Here's how it goes: 

A salesman is in the middle of farmland in Iowa, driving home on a country road from his last sales call.  It's late at night.  It's snowing like crazy.  He's tired and hungry.  He gets a flat tire. Grumbling, he gets out of the car to get the spare tire and the jack from the trunk.

There is no jack.  What's he supposed to do now? He can't fix the flat without the jack.  He decides to look for a house so he can borrow their jack.  He sees the lights of a farmhouse in the distance and thinks "Farmers are always so friendly and helpful...I'll go knock on their door."

Grumbling again, he realizes he will have to cross several fields to get to the house.  As he starts out he puts his foot right into a deep puddle.  Yuck.  Now his foot is cold and wet. He thinks to himself - "As long as the people in the house are friendly and helpful, it'll be worth the effort."

He climbs over the barbed wire fence to cross the first field and he tears his coat on the fence.  "Damn, that was a nice coat!"  Now becoming angry, the salesman stomps across the field toward the house and thinks "I sure hope that farmer wants to help me."

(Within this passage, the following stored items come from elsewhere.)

lemma cindep_cprob_eq:
  assumes "cindep M X T C" "{x. P x} \<in> sets borel" and [measurable]: "Measurable.pred M C"
    and pos: "pr M (\<lambda>\<omega>. T \<omega> = t \<and> C \<omega>) > 0"
  shows "pr M (\<lambda>\<omega>. P (X \<omega>) \<and> T \<omega> = t \<and> C \<omega>) / pr M (\<lambda>\<omega>. T \<omega> = t \<and> C \<omega>)
       = pr M (\<lambda>\<omega>. P (X \<omega>) \<and> C \<omega>) / pr M C"
proof -
  have "pr M (\<lambda>\<omega>. T \<omega> = t \<and> C \<omega>) \<le> pr M C" by (intro pr_mono) auto
  then show ?thesis using cindep_pr[OF assms(1,2), of t] pos by (simp add: field_simps)
qed

end

section \<open>Distribution functions and quantiles\<close>

lemma quantile_eq_if_strict_mono_on:
  fixes F :: "real \<Rightarrow> real"
  assumes "is_interval S" "x \<in> S" and mono: "strict_mono_on S F"
    and below: "\<And>y. y \<notin> S \<Longrightarrow> y < x \<Longrightarrow> F y = 0" and "F x > 0"
  shows "quantile F (F x) = x"
  unfolding quantile_def
proof (rule cInf_eq_minimum)
  fix y assume "y \<in> {y. F x \<le> F y}"
  then have "F x \<le> F y" by simp
  show "x \<le> y"
  proof (rule ccontr)
    assume "\<not> x \<le> y"
    then have "F y < F x"
      using mono assms(1,2,5) below[of y] by (cases "y \<in> S") (auto simp: strict_mono_on_def)
    then show False using \<open>F x \<le> F y\<close> by simp
  qed
qed simp

context prob_space
begin
(* Let $\mathbb F$ be any field, $n\ge k\ge 1$, and let $\mathcal K\subseteq M_{n\times k}(\mathbb F)$ be a linear variety such that $\det_{n,k}(X)=0$ for every $X\in\mathcal K$. Then $\operatorname{codim}(\mathcal K)\ge k$.
   Context: A linear variety in a finite-dimensional space $W$ is a nonempty set of the form $\mathbf s+V$ with $V\subseteq W$ a linear subspace (uniquely determined); $\operatorname{codim}\mathcal K=\dim W-\dim V$, here $W=M_{n\times k}(\mathbb F)$. Cullis' determinant: for $n\ge k$ and $X\in M_{n\times k}(\mathbb F)$, $\det_{n,k}(X)=\sum_{c}\operatorname{sgn}(c)\det\big(X[c|)\big)$, where $c$ ranges over the $k$-element subsets of $[n]$, $X[c|)$ is the $k\times k$ submatrix formed by the rows indexed by $c$ (in increasing order), and for $c=\{c(1)<\dots<c(k)\}$, $\operatorname{sgn}(c)=(-1)^{\sum_{\alpha=1}^k (c(\alpha)-\alpha)}$. *)

theory Defs
  imports Jordan_Normal_Form.VS_Connect Jordan_Normal_Form.DL_Submatrix
begin

(* Matrices in M_{n x k}(F) are elements of carrier_mat n k (rows/columns indexed from 0).
   The F-vector space M_{n x k}(F) is  module_mat TYPE('a) n k  over  class_ring. *)

(* sgn(c) = (-1)^(sum_{alpha} (c(alpha) - alpha)), with c(0) < ... < c(k-1) the
   elements of c in increasing order (0-indexed; the sum is the same as 1-indexed). *)
definition cullis_sgn :: "nat set \<Rightarrow> nat \<Rightarrow> 'a :: comm_ring_1" where
  "cullis_sgn c k = (-1) ^ (\<Sum>\<alpha><k. pick c \<alpha> - \<alpha>)"

definition cullis_det :: "nat \<Rightarrow> nat \<Rightarrow> 'a :: comm_ring_1 mat \<Rightarrow> 'a" where
  "cullis_det n k X =
     (\<Sum>c \<in> {c. c \<subseteq> {..<n} \<and> card c = k}. cullis_sgn c k * det (submatrix X c {..<k}))"
(* Let $\mu$ be a conjugation-symmetric probability Borel measure on $\mathbb T$ with infinite support, $\Phi_i$ its monic orthogonal polynomials, $\varphi_i=\kappa_i\Phi_i$ its orthonormal polynomials ($\kappa_i>0$), $\Phi_i^*(z)=z^i\Phi_i(1/z)$, $\varphi_n^*(z)=z^n\varphi_n(1/z)$, $b_n=\varphi_n/\varphi_n^*$, $K_n(z,w)=\sum_{i=0}^{n-1}\varphi_i(z)\overline{\varphi_i(w)}$, and $h_n(z)=\frac{(1-z^2)b_n'(z)}{1-b_n^2(z)}$. For $|\beta|=1$ let $\Phi_n(z;\beta):=z\Phi_{n-1}(z)-\beta\Phi_{n-1}^*(z)$ be the $n$-th paraorthogonal polynomial, and let $\zeta_{1,n},\dots,\zeta_{n,n}\in\mathbb T$ be the zeros of $\Phi_n(z;1)$. Then $$h_n(z)=\frac{1-z^2}{2}\frac{F_n'(z)}{F_n(z)},$$ where $F_n$ is a trivial Carathéodory function given by $$F_n(z)=-\frac{\Phi_n(z;-1)}{\Phi_n(z;1)}=\int\frac{\zeta+z}{\zeta-z}\,d\sigma_n(\zeta),$$ and $\sigma_n$ is the probability measure $$\sigma_n=\sum_{k=1}^n\frac{|\varphi_{n-1}(\zeta_{k,n})|^2}{K_n(\zeta_{k,n},\zeta_{k,n})}\delta_{\zeta_{k,n}},$$ $\delta_\zeta$ denoting the unit point mass at $\zeta$.
   Context: A trivial Carathéodory function is one of the form $\int\frac{\zeta+z}{\zeta-z}d\sigma(\zeta)$ with $\sigma$ a probability measure on $\mathbb T$ supported on finitely many points. *)

theory Defs
  imports "HOL-Probability.Probability" "HOL-Computational_Algebra.Polynomial"
begin

definition msupport :: "complex measure \<Rightarrow> complex set" where
  "msupport \<mu> = {z. \<forall>e>0. emeasure \<mu> (ball z e) > 0}"

definition is_monic_OP :: "complex measure \<Rightarrow> nat \<Rightarrow> complex poly \<Rightarrow> bool" where
  "is_monic_OP \<mu> n p \<longleftrightarrow> degree p = n \<and> lead_coeff p = 1 \<and>
     (\<forall>k<n. (LINT z|\<mu>. poly p z * cnj z ^ k) = 0)"

definition mOP :: "complex measure \<Rightarrow> nat \<Rightarrow> complex poly" where
  "mOP \<mu> n = (THE p. is_monic_OP \<mu> n p)"
lemma clear_column:
  assumes "identity_columns K A" "j \<notin> K" "A $ j $ j \<noteq> 0"
  obtains B where "row_reduces A B" "identity_columns K B" "B $ j $ j = A $ j $ j"
    "\<And>i. i \<noteq> j \<Longrightarrow> B $ i $ j = 0"
proof -
  have "\<exists>B. row_reduces A B \<and> identity_columns K B \<and> B $ j $ j = A $ j $ j
          \<and> (\<forall>i. i \<noteq> j \<longrightarrow> B $ i $ j = 0)"
    if "finite I" "identity_columns K A" "A $ j $ j \<noteq> 0"
      "\<forall>i. i \<notin> I \<and> i \<noteq> j \<longrightarrow> A $ i $ j = 0"
    for I A
    using that
  proof (induction I arbitrary: A rule: finite_induct)
    case empty
    then show ?case
      using row_reduces_refl by blast
  next
    case (insert i I)
    show ?case
    proof (cases "i = j")
      case True
      then have "\<forall>l. l \<notin> I \<and> l \<noteq> j \<longrightarrow> A $ l $ j = 0"
        using insert.prems(3) by blast
      then show ?thesis
        using insert.IH insert.prems(1,2) by blast
    next
      case False
      define A' where "A' = transvection i j (- A $ i $ j / A $ j $ j) ** A"
      have red: "row_reduces A A'"
        unfolding A'_def using row_reduces_refl False by (rule row_reduces_transvection)
      have "identity_columns K A'"
        unfolding A'_def using insert.prems(1) assms(2) by (rule identity_columns_transvection)
      moreover have piv: "A' $ j $ j = A $ j $ j"
        using False by (simp add: A'_def transvection_mult)
      moreover have "\<forall>l. l \<notin> I \<and> l \<noteq> j \<longrightarrow> A' $ l $ j = 0"
        using False insert.prems(2,3) by (auto simp: A'_def transvection_mult)
      ultimately obtain B where "row_reduces A' B" "identity_columns K B" "B $ j $ j = A $ j $ j"
          "\<forall>l. l \<noteq> j \<longrightarrow> B $ l $ j = 0"
        using insert.IH insert.prems(2) by force
      then show ?thesis
        using row_reduces_trans[OF red] by blast
    qed
  qed
  from this[of UNIV A] assms show ?thesis
    using that by auto
qed

lemma row_reduces_identity_columns:
  fixes A :: "'a::field^'n::finite^'n"
  assumes "invertible A" "k \<notin> K"
  shows "\<exists>B. row_reduces A B \<and> identity_columns K B"
proof -
  have "finite K"
    by simp
  \<comment> \<open>\<open>k\<close> stays outside \<open>K\<close> to serve as the spare row \<open>r\<close> of \<open>unit_pivot\<close>\<close>
  then show ?thesis
    using assms(2)
  proof (induction K rule: finite_induct)
    case empty
    then show ?case
      using row_reduces_refl by (auto simp: identity_columns_def)
  next
    case (insert j K)
    then obtain X where X: "row_reduces A X" "identity_columns K X"
      by blast
    obtain Y where Y: "row_reduces X Y" "identity_columns K Y" "Y $ j $ j = 1"
      using unit_pivot[OF row_reduces_invertible[OF X(1) assms(1)] X(2), of j k] insert by auto
    obtain B where B: "row_reduces Y B" "identity_columns K B" "B $ j $ j = 1"
        "\<And>i. i \<noteq> j \<Longrightarrow> B $ i $ j = 0"
      using clear_column[OF Y(2) \<open>j \<notin> K\<close>] Y(3) by auto
    have "identity_columns (insert j K) B"
      using B(2-4) by (auto simp: identity_columns_def)
    then show ?case
      using X(1) Y(1) B(1) row_reduces_trans by blast
  qed
qed
(* Let $(C^\gamma_{\alpha\beta},\eta,e)$ be a semisimple Frobenius manifold on $\mathcal U\subset\mathbb C^n$ with operators $L_\alpha=\partial/\partial x^\alpha-\hbar^{-1}C_\alpha(x)$, and let $A_1(x),\dots,A_m(x)$ be $Mat(n,\mathbb C)$-valued functions on $\mathcal U$ such that for all $\alpha$ the commutator $[\sum_{j=1}^m\hbar^{-j}A_j(x),L_\alpha]$ lies in $\hbar^{-1}Mat(n,\mathbb C)$ (i.e. is $\hbar^{-1}$ times a matrix-valued function of $x$). Then $\sum_{j=1}^m\hbar^{-j}A_j(x)=\varphi(b)_{\le-1}$ for some $b=\sum_{j=1}^mb_j\hbar^{-j}$ with $b_j$ diagonal-matrix-valued, and $b_j$ is constant for $j>1$.
   Context: Frobenius manifold in flat coordinates $x^\alpha$: analytic $C^\gamma_{\alpha\beta}(x)$, constant nondegenerate symmetric $\eta_{\alpha\beta}$, product $\partial_\alpha\circ\partial_\beta=\sum_\gamma C^\gamma_{\alpha\beta}\partial_\gamma$ commutative associative with unit $\partial/\partial x^1$, $\eta$ invariant, $(C_\alpha)^\gamma_\beta=C^\gamma_{\alpha\beta}$, and the $L_\alpha$ pairwise commute. Semisimple: $T_x\mathcal U=\oplus_i\theta_i$ with one-dimensional common eigenspaces of all multiplication operators. $\varphi(b)=TbT^{-1}$, where $T(\hbar,x)\in Mat(n,\mathbb C)[[\hbar]]$ is an invertible dressing transformation: $T^{-1}L_\alpha T=\partial/\partial x^\alpha+h_\alpha$ with $h_\alpha\in\hbar^{-1}Diag[[\hbar]]$ for all $\alpha$ ($Diag$ = diagonal matrices); such $T$ exists and is unique up to right multiplication by diagonal series. For a Laurent series $v=\sum_lv_l\hbar^l$, $v_{\le k}=\sum_{l\le k}v_l\hbar^l$. $[\partial_\alpha-\hbar^{-1}C_\alpha,M]=\partial_\alpha M-\hbar^{-1}[C_\alpha,M]$. *)

theory Defs
  imports "HOL-Analysis.Analysis"
begin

The salesman falls down in the field and now has mud on his pants.  He's cold, tired, and dirty and just plain mad about everything.  He thinks "I bet that farmer isn't going to want to help me - I bet he doesn't even have a jack!" But he keeps going because he doesn't have any other options.

As he approaches the farmhouse, the salesman slips in a pile of cow dung.  He's now cold, tired, dirty and smells like cow dung. Absolutely furious, he thinks "That farmer is probably sleeping - I'm going to wake him up and he'll be rude and won't help me.  Well, I'll show him..."

So the salesman storms up to the house and pounds on the front door.  After a few minutes the farmer comes to the door in his pajamas.  The salesman screams "Keep your damned jack!" and stomps off.

For some reason I like this story - I frequently see versions of it in different contexts.  As managers and leaders we can't let obstacles, no matter how frustrating, deter us from our objectives.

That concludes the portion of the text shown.